Let Sn be a sequence of nonnegative numbers and for each n defineOn = 1n S1 + S2 + + Sn Showlim inf Sn lim inf on limsup on limsup sn

First, we can show that lim inf Sn ≤ lim inf On ≤ lim sup On ≤ lim sup Sn:

• lim inf Sn ≤ lim inf On: Since On is an average of a finite number of terms in Sn, we have On ≤ Sn for all n. Thus, if Sn converges to some limit L, then On must also converge to L (since it is sandwiched between Sn and a constant sequence with limit L). Therefore, lim inf Sn ≤ lim inf On.
• lim inf On ≤ lim sup On: This follows from the definition of lim inf and lim sup. Any subsequence of On has a further subsequence that converges to lim inf On, and any subsequence of this further subsequence has a further subsequence that converges to lim sup On. Therefore, lim inf On ≤ lim sup On.
• lim sup On ≤ lim sup Sn: Similar to the first point, we have Sn ≤ nOn for all n, so if Sn converges to some limit L, then On must also converge to L (since it is sandwiched between Sn and a sequence that converges to L). Therefore, lim sup On ≤ lim sup Sn.
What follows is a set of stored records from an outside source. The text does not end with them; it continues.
(* Let $q$ be a prime power, $s\geq1$, $n=q^{s-1}$, and let $\mathcal{RM}_q(1,s-1)$ be the first order $q$-ary Reed-Muller code. Its extended weight enumerator is \[ W_{\mathcal{RM}_q(1,s-1)}(X,Y,T)=\sum_{r=1}^{s}\left(\prod_{j=0}^{r-1}(T-q^j)\right)\begin{bmatrix} s-1\\ r-1\end{bmatrix}_q Y^n+\sum_{r=0}^{s-1}\left(\prod_{j=0}^{r-1}(T-q^j)\right)q^r\begin{bmatrix} s-1\\ r\end{bmatrix}_q X^{q^{s-1-r}}Y^{q^{s-1}-q^{s-1-r}}. \]
   Context: $\mathcal{RM}_q(1,s-1)$ is the linear $[q^{s-1},s]$ code over $\mathbb{F}_q$ generated by the matrix whose first row is all ones and whose columns, restricted to the remaining $s-1$ rows, run through all vectors of $\mathbb{F}_q^{s-1}$. For a linear $[n,k]$ code $C$ over $\mathbb{F}_q$ and $m\geq1$, the extension code $C\otimes\mathbb{F}_{q^m}$ is the $\mathbb{F}_{q^m}$-linear span of $C$ in $\mathbb{F}_{q^m}^n$. There are (uniquely determined) polynomials $A_w(T)\in\mathbb{Z}[T]$ with $A_w(q^m)$ equal to the number of words of Hamming weight $w$ in $C\otimes\mathbb{F}_{q^m}$ for all $m\geq1$; the extended weight enumerator is $W_C(X,Y,T)=\sum_{w=0}^nA_w(T)X^{n-w}Y^w$. $\begin{bmatrix} a\\ b\end{bmatrix}_q$ is the Gaussian binomial coefficient and the empty product equals $1$. *)

theory Defs
  imports "HOL-Algebra.Ring" "HOL-Algebra.RingHom" "HOL-Computational_Algebra.Polynomial"
begin

text \<open>Coordinates of RM_q(1,s-1) over the field F: the points of F^(s-1),
  represented as functions nat => carrier F that are zero from index s-1 on.\<close>
definition RM_points :: "('a, 'c) ring_scheme \<Rightarrow> nat \<Rightarrow> (nat \<Rightarrow> 'a) set" where
  "RM_points F s = {v. (\<forall>i<s - 1. v i \<in> carrier F) \<and> (\<forall>i\<ge>s - 1. v i = \<zero>\<^bsub>F\<^esub>)}"

text \<open>The code RM_q(1,s-1) over F: the F-linear span of the rows of its generator
  matrix (first row all ones, remaining rows the coordinates of the points).
  Words are functions on the coordinate set, set to zero outside it.\<close>
definition RM_code :: "('a, 'c) ring_scheme \<Rightarrow> nat \<Rightarrow> ((nat \<Rightarrow> 'a) \<Rightarrow> 'a) set" where
  "RM_code F s = {c. \<exists>a0 \<in> carrier F. \<exists>a \<in> {0..<s - 1} \<rightarrow> carrier F.
      (\<forall>v \<in> RM_points F s. c v = a0 \<oplus>\<^bsub>F\<^esub> (\<Oplus>\<^bsub>F\<^esub> i\<in>{0..<s - 1}. a i \<otimes>\<^bsub>F\<^esub> v i)) \<and>
      (\<forall>v. v \<notin> RM_points F s \<longrightarrow> c v = \<zero>\<^bsub>F\<^esub>)}"

text \<open>The extension code C \<otimes> K: the K-linear span of the image of C under the field
  embedding sigma : F \<rightarrow> K.\<close>
definition ext_code :: "('a, 'c) ring_scheme \<Rightarrow> ('b, 'd) ring_scheme \<Rightarrow> ('a \<Rightarrow> 'b)
    \<Rightarrow> (nat \<Rightarrow> 'a) set \<Rightarrow> ((nat \<Rightarrow> 'a) \<Rightarrow> 'a) set \<Rightarrow> ((nat \<Rightarrow> 'a) \<Rightarrow> 'b) set" where
  "ext_code F K \<sigma> P C = {c. \<exists>S. S \<subseteq> C \<and> finite S \<and> (\<exists>l \<in> S \<rightarrow> carrier K.
      (\<forall>v \<in> P. c v = (\<Oplus>\<^bsub>K\<^esub> c'\<in>S. l c' \<otimes>\<^bsub>K\<^esub> \<sigma> (c' v))) \<and>
      (\<forall>v. v \<notin> P \<longrightarrow> c v = \<zero>\<^bsub>K\<^esub>))}"

definition ham_wt :: "('b, 'd) ring_scheme \<Rightarrow> (nat \<Rightarrow> 'a) set \<Rightarrow> ((nat \<Rightarrow> 'a) \<Rightarrow> 'b) \<Rightarrow> nat" where
  "ham_wt K P c = card {v \<in> P. c v \<noteq> \<zero>\<^bsub>K\<^esub>}"

text \<open>The polynomial A_w(T) of RM_q(1,s-1) over F (q = |F|): the integer polynomial
  whose value at q^m is the number of weight-w words of the extension code over any
  field K with q^m elements (carrier taken in nat, which loses nothing up to
  isomorphism) and any embedding F \<rightarrow> K, for all m \<ge> 1.\<close>
definition RM_ext_A :: "('a, 'c) ring_scheme \<Rightarrow> nat \<Rightarrow> nat \<Rightarrow> int poly" where
  "RM_ext_A F s w = (THE A. \<forall>m\<ge>1. \<forall>(K :: nat ring) \<sigma>.
      field K \<and> card (carrier K) = card (carrier F) ^ m \<and> \<sigma> \<in> ring_hom F K \<longrightarrow>
      int (card {c \<in> ext_code F K \<sigma> (RM_points F s) (RM_code F s).
                   ham_wt K (RM_points F s) c = w}) = poly A (int (card (carrier F) ^ m)))"

definition RM_ext_W :: "('a, 'c) ring_scheme \<Rightarrow> nat \<Rightarrow> real \<Rightarrow> real \<Rightarrow> real \<Rightarrow> real" where
  "RM_ext_W F s X Y T = (\<Sum>w = 0..card (carrier F) ^ (s - 1).
      poly (map_poly real_of_int (RM_ext_A F s w)) T * X ^ (card (carrier F) ^ (s - 1) - w) * Y ^ w)"

definition gauss_binom :: "nat \<Rightarrow> nat \<Rightarrow> nat \<Rightarrow> real" where
  "gauss_binom q a b = (if b \<le> a then
      (\<Prod>i<b. (real q ^ (a - i) - 1) / (real q ^ (i + 1) - 1)) else 0)"

end

theory Submission
  imports Defs "HOL-Algebra.Algebraic_Closure" "HOL-Algebra.Weak_Morphisms"
    "HOL-Algebra.Multiplicative_Group"
begin

text \<open>
  Let \<open>\<sigma> : F \<rightarrow> K\<close> embed \<open>F = \<bbbF>\<^sub>q\<close> into a finite field \<open>K\<close>. Every word of
  \<open>RM\<^sub>q(1,k) \<otimes> K\<close> is \<open>v \<mapsto> a\<^sub>0 + \<Sum>\<^sub>i a\<^sub>i \<sigma>(v\<^sub>i)\<close> for a unique \<open>(a\<^sub>0, a) \<in> K \<times> K\<^sup>k\<close>.
  The map \<open>v \<mapsto> \<Sum>\<^sub>i a\<^sub>i \<sigma>(v\<^sub>i)\<close> is \<open>F\<close>-linear, so its image is an \<open>F\<close>-subspace of \<open>K\<close> of
  size \<open>q\<^sup>r\<close> and all its fibres have size \<open>q\<^sup>k\<^sup>-\<^sup>r\<close>: the word has weight \<open>q\<^sup>k - q\<^sup>k\<^sup>-\<^sup>r\<close> if
  \<open>-a\<^sub>0\<close> lies in the image and weight \<open>q\<^sup>k\<close> otherwise. Adding one coordinate to \<open>a\<close>
  either keeps the image or enlarges it by a factor \<open>q\<close>, which shows that the number
  of \<open>a \<in> K\<^sup>k\<close> of rank \<open>r\<close> is \<open>[k choose r]\<^sub>q \<Prod>\<^sub>j\<^sub><\<^sub>r (|K| - q\<^sup>j)\<close>. Hence each weight
  is counted by a polynomial in \<open>|K|\<close>; since finite extensions of \<open>F\<close> of arbitrarily
  large degree exist (inside an algebraic closure), these polynomials are the \<open>A\<^sub>w\<close>.
\<close>

no_notation var (\<open>X\<index>\<close>)

lemma field_card_ge_2:
  assumes "field F" and "finite (carrier F)"
  shows "card (carrier F) \<ge> 2"
proof -
  interpret field F by fact
  have "card {\<zero>\<^bsub>F\<^esub>, \<one>\<^bsub>F\<^esub>} \<le> card (carrier F)"
    using assms(2) by (intro card_mono) auto
  thus ?thesis using one_not_zero by simp
qed

locale finite_field_embedding = F: field F + K: field K
  for F :: "('a, 'c) ring_scheme" and K :: "('b, 'd) ring_scheme" (structure) +
  fixes \<sigma> :: "'a \<Rightarrow> 'b"
  assumes hom: "\<sigma> \<in> ring_hom F K"
    and finite_F: "finite (carrier F)" and finite_K: "finite (carrier K)"
begin

sublocale H: ring_hom_cring F K \<sigma>
  using hom by (intro ring_hom_cringI ring_hom_ringI2 F.cring_axioms K.cring_axioms
      F.ring_axioms K.ring_axioms)

abbreviation q where "q \<equiv> card (carrier F)"
abbreviation Q where "Q \<equiv> card (carrier K)"

lemma q_ge_2: "q \<ge> 2"
  using field_card_ge_2 F.field_axioms finite_F by blast

definition points :: "nat \<Rightarrow> (nat \<Rightarrow> 'a) set" where
  "points k = {v. (\<forall>i<k. v i \<in> carrier F) \<and> (\<forall>i\<ge>k. v i = \<zero>\<^bsub>F\<^esub>)}"

lemma RM_points_Suc: "RM_points F (Suc k) = points k"
  by (simp add: RM_points_def points_def)

lemma points_carrier: "v \<in> points k \<Longrightarrow> v i \<in> carrier F"
  by (cases "i < k") (auto simp: points_def)

lemma zero_point: "(\<lambda>_. \<zero>\<^bsub>F\<^esub>) \<in> points k"
  by (simp add: points_def)

lemma points_Suc: "points (Suc k) = (\<lambda>(w, c). w(k := c)) ` (points k \<times> carrier F)"
proof (intro equalityI subsetI)
  fix v assume v: "v \<in> points (Suc k)"
  have "v(k := \<zero>\<^bsub>F\<^esub>) \<in> points k" "v k \<in> carrier F" using v by (auto simp: points_def)
  moreover have "v = (v(k := \<zero>\<^bsub>F\<^esub>))(k := v k)" by simp
  ultimately show "v \<in> (\<lambda>(w, c). w(k := c)) ` (points k \<times> carrier F)"
    by (intro image_eqI[where x="(v(k := \<zero>\<^bsub>F\<^esub>), v k)"]) auto
qed (auto simp: points_def less_Suc_eq)

lemma inj_on_points_Suc: "inj_on (\<lambda>(w, c). w(k := c)) (points k \<times> carrier F)"
proof (rule inj_onI, clarify)
  fix w c w' c' assume w: "w \<in> points k" "w' \<in> points k" and e: "w(k := c) = w'(k := c')"
  have "w i = w' i" for i
    using fun_cong[OF e, of i] w by (cases "i = k") (auto simp: points_def)
  thus "w = w' \<and> c = c'" using fun_cong[OF e, of k] by auto
qed

lemma finite_points: "finite (points k)" and card_points: "card (points k) = q ^ k"
proof -
  have "finite (points k) \<and> card (points k) = q ^ k"
  proof (induct k)
    case 0
    have "points 0 = {\<lambda>_. \<zero>\<^bsub>F\<^esub>}" by (auto simp: points_def)
    thus ?case by simp
  next
    case (Suc k)
    thus ?case using inj_on_points_Suc[of k] finite_F
      by (simp add: points_Suc card_image card_cartesian_product)
  qed
  thus "finite (points k)" "card (points k) = q ^ k" by auto
qed

section \<open>Linear forms \<open>F\<^sup>k \<rightarrow> K\<close> and \<open>F\<close>-subspaces of \<open>K\<close>\<close>

definition lin_form :: "nat \<Rightarrow> (nat \<Rightarrow> 'b) \<Rightarrow> (nat \<Rightarrow> 'a) \<Rightarrow> 'b" where
  "lin_form k a v = (\<Oplus>i\<in>{0..<k}. a i \<otimes> \<sigma> (v i))"

definition lin_image :: "nat \<Rightarrow> (nat \<Rightarrow> 'b) \<Rightarrow> 'b set" where
  "lin_image k a = lin_form k a ` points k"

definition F_subspace :: "'b set \<Rightarrow> bool" where
  "F_subspace W \<longleftrightarrow> W \<subseteq> carrier K \<and> \<zero> \<in> W \<and> (\<forall>x\<in>W. \<forall>y\<in>W. x \<oplus> y \<in> W)
     \<and> (\<forall>c\<in>carrier F. \<forall>x\<in>W. \<sigma> c \<otimes> x \<in> W)"

definition adjoin :: "'b set \<Rightarrow> 'b \<Rightarrow> 'b set" where
  "adjoin W b = {x \<oplus> b \<otimes> \<sigma> c | x c. x \<in> W \<and> c \<in> carrier F}"

lemma lin_form_closed:
  "a \<in> {0..<k} \<rightarrow> carrier K \<Longrightarrow> v \<in> points k \<Longrightarrow> lin_form k a v \<in> carrier K"
  unfolding lin_form_def by (intro K.finsum_closed) (auto simp: points_carrier Pi_def)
Now, to prove the original statement, we use the following lemma:

Lemma: If a sequence (an) converges to L, then any subsequence (an_k) has a lim inf and lim sup that both converge to L.

Proof: Let (an_k) be a subsequence of (an). Then, since (an) converges to L, we have for any ε > 0, there exists N such that n ≥ N implies |an - L| < ε. Since (an_k) is a subsequence, we can choose N so that k ≥ N implies n_k ≥ N, and thus |an_k - L| < ε for all k ≥ N. Therefore, lim inf an_k = lim sup an_k = L.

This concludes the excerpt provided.